Circle and Stripe are developing foundational infrastructure to enable autonomous AI agents to conduct financial transactions independently using stablecoins, primarily USDC. This initiative represents a potential paradigm shift in digital commerce, moving from human-centric payments to machine-to-machine (M2M) settlements.
Circle, the issuer of the USDC stablecoin, has launched Programmable Wallets specifically designed for AI agents. This product allows developers to embed USDC transactions directly into AI code, enabling software to autonomously pay for API calls, compute power, or data.

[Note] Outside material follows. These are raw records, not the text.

lemma abs_Lambda_fn_le:
  fixes \<beta> p :: "real \<Rightarrow> real"
  assumes \<kappa>: "\<kappa> > 0" and t: "t0 \<le> t"
    and \<beta>: "continuous_on {0..} \<beta>" "\<And>a. a \<ge> 0 \<Longrightarrow> \<bar>\<beta> a\<bar> \<le> 1"
    and p: "p integrable_on {0..}" "\<And>a. a \<ge> 0 \<Longrightarrow> p a \<ge> 0" "integral {0..} p = 1"
  shows "\<bar>Lambda_fn t0 \<nu> D I0 \<beta> p \<kappa> t\<bar> \<le> I0"
proof -
  have pa: "p absolutely_integrable_on {0..}"
    using p by (intro nonnegative_absolutely_integrable_1) auto
  define J where "J = integral {0..} (\<lambda>b. \<beta> (b / \<kappa> + (t - t0)) * p b)"
  have "(\<lambda>b. \<beta> (b / \<kappa> + (t - t0)) * p b) integrable_on {0..}"
    using t by (intro set_lebesgue_integral_eq_integral(1) absolutely_integrable_rescaled_shift \<beta> pa \<kappa>) auto
  then have "norm J \<le> integral {0..} p"
    unfolding J_def by (rule integral_norm_bound_integral[OF _ p(1)])
      (use \<beta>(2) \<kappa> t p(2) in \<open>auto simp: abs_mult mult_left_le_one_le\<close>)
  then have "I0 * \<bar>J\<bar> \<le> I0"
    using I0_nonneg p(3) by (simp add: mult_left_le)
  moreover have "\<bar>Lambda_fn t0 \<nu> D I0 \<beta> p \<kappa> t - 0 * Gamma_fn \<nu> D \<beta> (t - t0)\<bar> \<le> \<bar>I0 * J - 0 * \<beta> (t - t0)\<bar>"
    unfolding J_def by (intro abs_Lambda_fn_diff_le \<kappa> t \<beta> pa)
  ultimately show ?thesis
    using I0_nonneg by (simp add: abs_mult)
qed

lemma uniform_limit_Lambda_fn:
  fixes \<beta> p :: "real \<Rightarrow> real"
  assumes \<beta>: "continuous_on {0..} \<beta>" "\<And>a. a \<ge> 0 \<Longrightarrow> \<bar>\<beta> a\<bar> \<le> 1" "\<And>a. a \<ge> c \<Longrightarrow> \<beta> a = 0"
    and p: "p integrable_on {0..}" "\<And>a. a \<ge> 0 \<Longrightarrow> p a \<ge> 0" "integral {0..} p = 1"
  shows "uniform_limit {t0..} (Lambda_fn t0 \<nu> D I0 \<beta> p) (\<lambda>t. I0 * Gamma_fn \<nu> D \<beta> (t - t0)) at_top"
proof (rule uniform_limitI)
  fix e :: real assume "e > 0"
  let ?J = "\<lambda>\<kappa> s. integral {0..} (\<lambda>b. \<beta> (b / \<kappa> + s) * p b)"
  have pa: "p absolutely_integrable_on {0..}"
    using p by (intro nonnegative_absolutely_integrable_1) auto
  have "uniform_limit {0..} ?J \<beta> at_top"
    using uniformly_continuous_on_if_eventually_zero[of \<beta> c] \<beta> p
    by (intro uniform_limit_rescaled_average) auto
  moreover have "e / (I0 + 1) > 0"
    using \<open>e > 0\<close> I0_nonneg by simp
  ultimately have "\<forall>\<^sub>F \<kappa> in at_top. \<forall>s\<in>{0..}. dist (?J \<kappa> s) (\<beta> s) < e / (I0 + 1)"
    by (rule uniform_limitD)
  with eventually_gt_at_top[of 0]
  show "\<forall>\<^sub>F \<kappa> in at_top. \<forall>t\<in>{t0..}.
      dist (Lambda_fn t0 \<nu> D I0 \<beta> p \<kappa> t) (I0 * Gamma_fn \<nu> D \<beta> (t - t0)) < e"
  proof eventually_elim
    case (elim \<kappa>)
    have "\<bar>Lambda_fn t0 \<nu> D I0 \<beta> p \<kappa> t - I0 * Gamma_fn \<nu> D \<beta> (t - t0)\<bar> < e" if t: "t0 \<le> t" for t
    proof -
      have "\<bar>Lambda_fn t0 \<nu> D I0 \<beta> p \<kappa> t - I0 * Gamma_fn \<nu> D \<beta> (t - t0)\<bar>
          \<le> \<bar>I0 * ?J \<kappa> (t - t0) - I0 * \<beta> (t - t0)\<bar>"
        by (intro abs_Lambda_fn_diff_le elim(1) t \<beta>(1,2) pa)
      also have "\<dots> = I0 * \<bar>?J \<kappa> (t - t0) - \<beta> (t - t0)\<bar>"
        using I0_nonneg by (simp add: right_diff_distrib[symmetric] abs_mult)
      also have "\<dots> \<le> I0 * (e / (I0 + 1))"
        using elim(2) t I0_nonneg by (intro mult_left_mono) (auto simp: dist_real_def less_imp_le)
      also have "\<dots> < e"
        using \<open>e > 0\<close> I0_nonneg by (simp add: field_simps)
      finally show ?thesis .
    qed
    then show ?case
      by (simp add: dist_real_def)
  qed
qed

end

section \<open>The renewal equation\<close>

lemma abs_mult_sum_diff_le:
  fixes a b l1 l2 c1 c2 :: real
  shows "\<bar>a * (l1 + c1) - b * (l2 + c2)\<bar> \<le> \<bar>a\<bar> * \<bar>l1 - l2\<bar> + \<bar>a\<bar> * \<bar>c1 - c2\<bar> + \<bar>a - b\<bar> * \<bar>l2 + c2\<bar>"
proof -
  have split: "a * (l1 + c1) - b * (l2 + c2) = a * (l1 - l2) + a * (c1 - c2) + (a - b) * (l2 + c2)"
    by (simp add: algebra_simps)
  show ?thesis
    unfolding split abs_mult[symmetric]
    by (rule order_trans[OF abs_triangle_ineq add_right_mono[OF abs_triangle_ineq]])
qed

locale renewal_equation = sirs_parameters + volterra_kernel k for k +
  fixes \<tau> :: "real \<Rightarrow> real" and \<tau>max :: real
  assumes tau_bounded: "\<And>t. t \<ge> t0 \<Longrightarrow> \<bar>\<tau> t\<bar> \<le> \<tau>max"
begin

text \<open>The right-hand side of the equation for \<open>N\<^sub>\<kappa>\<close> when \<open>L = \<Lambda>\<^sub>\<kappa>\<close>, and of the limiting equation when
  \<open>L t = I0 \<Gamma>(t - t0)\<close>.\<close>

definition renewal_rhs :: "(real \<Rightarrow> real) \<Rightarrow> (real \<Rightarrow> real) \<Rightarrow> real \<Rightarrow> real" where
  "renewal_rhs L x t = \<tau> t * F x t * (L t + integral {0..t - t0} (\<lambda>a. k a * x (t - a)))"

definition lipschitz_const :: "real \<Rightarrow> real \<Rightarrow> real" where
  "lipschitz_const T K = \<tau>max * (F_bound T K + (1 + \<delta> * \<nu>) * (I0 + K * (T - t0)))"

definition stability_const :: "real \<Rightarrow> real \<Rightarrow> real" where
  "stability_const T K = 2 * \<tau>max * F_bound T K * exp ((2 * lipschitz_const T K + 1) * (T - t0))"

lemma tau_max_nonneg: "\<tau>max \<ge> 0"
  using tau_bounded[of t0] by linarith

lemma lipschitz_const_nonneg: "t0 \<le> T \<Longrightarrow> K \<ge> 0 \<Longrightarrow> lipschitz_const T K \<ge> 0"
  unfolding lipschitz_const_def
  using tau_max_nonneg F_bound_nonneg delta_nonneg nu_nonneg I0_nonneg by simp

lemma stability_const_nonneg: "t0 \<le> T \<Longrightarrow> K \<ge> 0 \<Longrightarrow> stability_const T K \<ge> 0"
  unfolding stability_const_def using tau_max_nonneg F_bound_nonneg by simp

lemma abs_convolution_le:
  assumes x: "continuous_on {t0..} x" "\<And>u. u \<in> {t0..T} \<Longrightarrow> \<bar>x u\<bar> \<le> K" and t: "t \<in> {t0..T}"
  shows "\<bar>integral {0..t - t0} (\<lambda>a. k a * x (t - a))\<bar> \<le> K * (T - t0)"
proof -
  have "K \<ge> 0"
    using x(2)[of t0] t by fastforce
  have "\<bar>integral {t0..t} (\<lambda>u. k (t - u) * x u)\<bar> \<le> K * (t - t0)"
    using x(2) t by (intro abs_volterra_le_const x(1)) auto
  also have "\<dots> \<le> K * (T - t0)"
    using \<open>K \<ge> 0\<close> t by (intro mult_left_mono) auto
  finally show ?thesis
    using volterra_reflect[OF x(1), of t] t by simp
qed

lemma abs_convolution_diff_le:
  assumes x: "continuous_on {t0..} x" and y: "continuous_on {t0..} y" and t: "t0 \<le> t"
    and l: "l > 0" and W: "W \<ge> 0"
    and xy: "\<And>s. s \<in> {t0..t} \<Longrightarrow> \<bar>x s - y s\<bar> \<le> W * exp (l * (s - t0))"
  shows "\<bar>integral {0..t - t0} (\<lambda>a. k a * x (t - a)) - integral {0..t - t0} (\<lambda>a. k a * y (t - a))\<bar>
    \<le> W * exp (l * (t - t0)) / l"
  unfolding volterra_reflect[OF x t] volterra_reflect[OF y t] volterra_diff[OF x y]
  using xy t l W
  by (intro abs_volterra_le_exp_weight continuous_intros x y) auto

The agents can earn, spend, and settle entirely on-chain without human intervention.
Stripe, the global payments giant, is building the distribution layer. After reintroducing crypto payments starting with USDC on Solana, Ethereum, and Polygon, Stripe is integrating this capability to allow AI agents to check out on websites or pay invoices using stablecoins, bypassing traditional credit card networks entirely. Stripe's strategy includes the $1.1 billion acquisition of Bridge for direct control over the stablecoin transaction lifecycle and the development of the Tempo blockchain with Paradigm, purpose-built for high-throughput stablecoin payments.
The structural advantages of stablecoins for AI agents are clear. AI cannot open traditional bank accounts, but a blockchain address serves as both identity and payment account. Furthermore, legacy payment systems like Visa and Mastercard are too expensive for micropayments (e.g., a five-cent API call), while stablecoin transactions on networks like Solana or Base cost fractions of a penny. Smart contracts enable programmable payments, such as holding funds in escrow and releasing them only upon task completion.
Circle CEO Jeremy Allaire predicts stablecoins will become the native currency of M2M commerce, forecasting that by 2026, a significant portion of on-chain volume will be driven by non-human entities. This reframes the interpretation of on-chain metrics, where rising transaction counts may reflect software paying software rather than human economic activity.
The market is currently nascent but projected for explosive growth. Approximately 40,000 on-chain agents are active, generating about $50 million in payment activity—a mere 0.0001% of the $46 trillion in annual stablecoin settlement volume. However, the AI agent market is forecast to grow from $7.6 billion in 2025 to $47.1 billion by 2030, with broader sector estimates reaching $103 billion by 2034.
The shift has not gone unnoticed by incumbent financial networks. Speculation about AI agents routing around traditional card rails recently caused shares of Visa, Mastercard, and American Express to drop roughly 5% in a single session. Significant challenges remain, including technological brittleness—one test agent accidentally moved $450,000 due to a logic error—and underdeveloped regulatory frameworks for liability and consumer protection in autonomous financial transactions.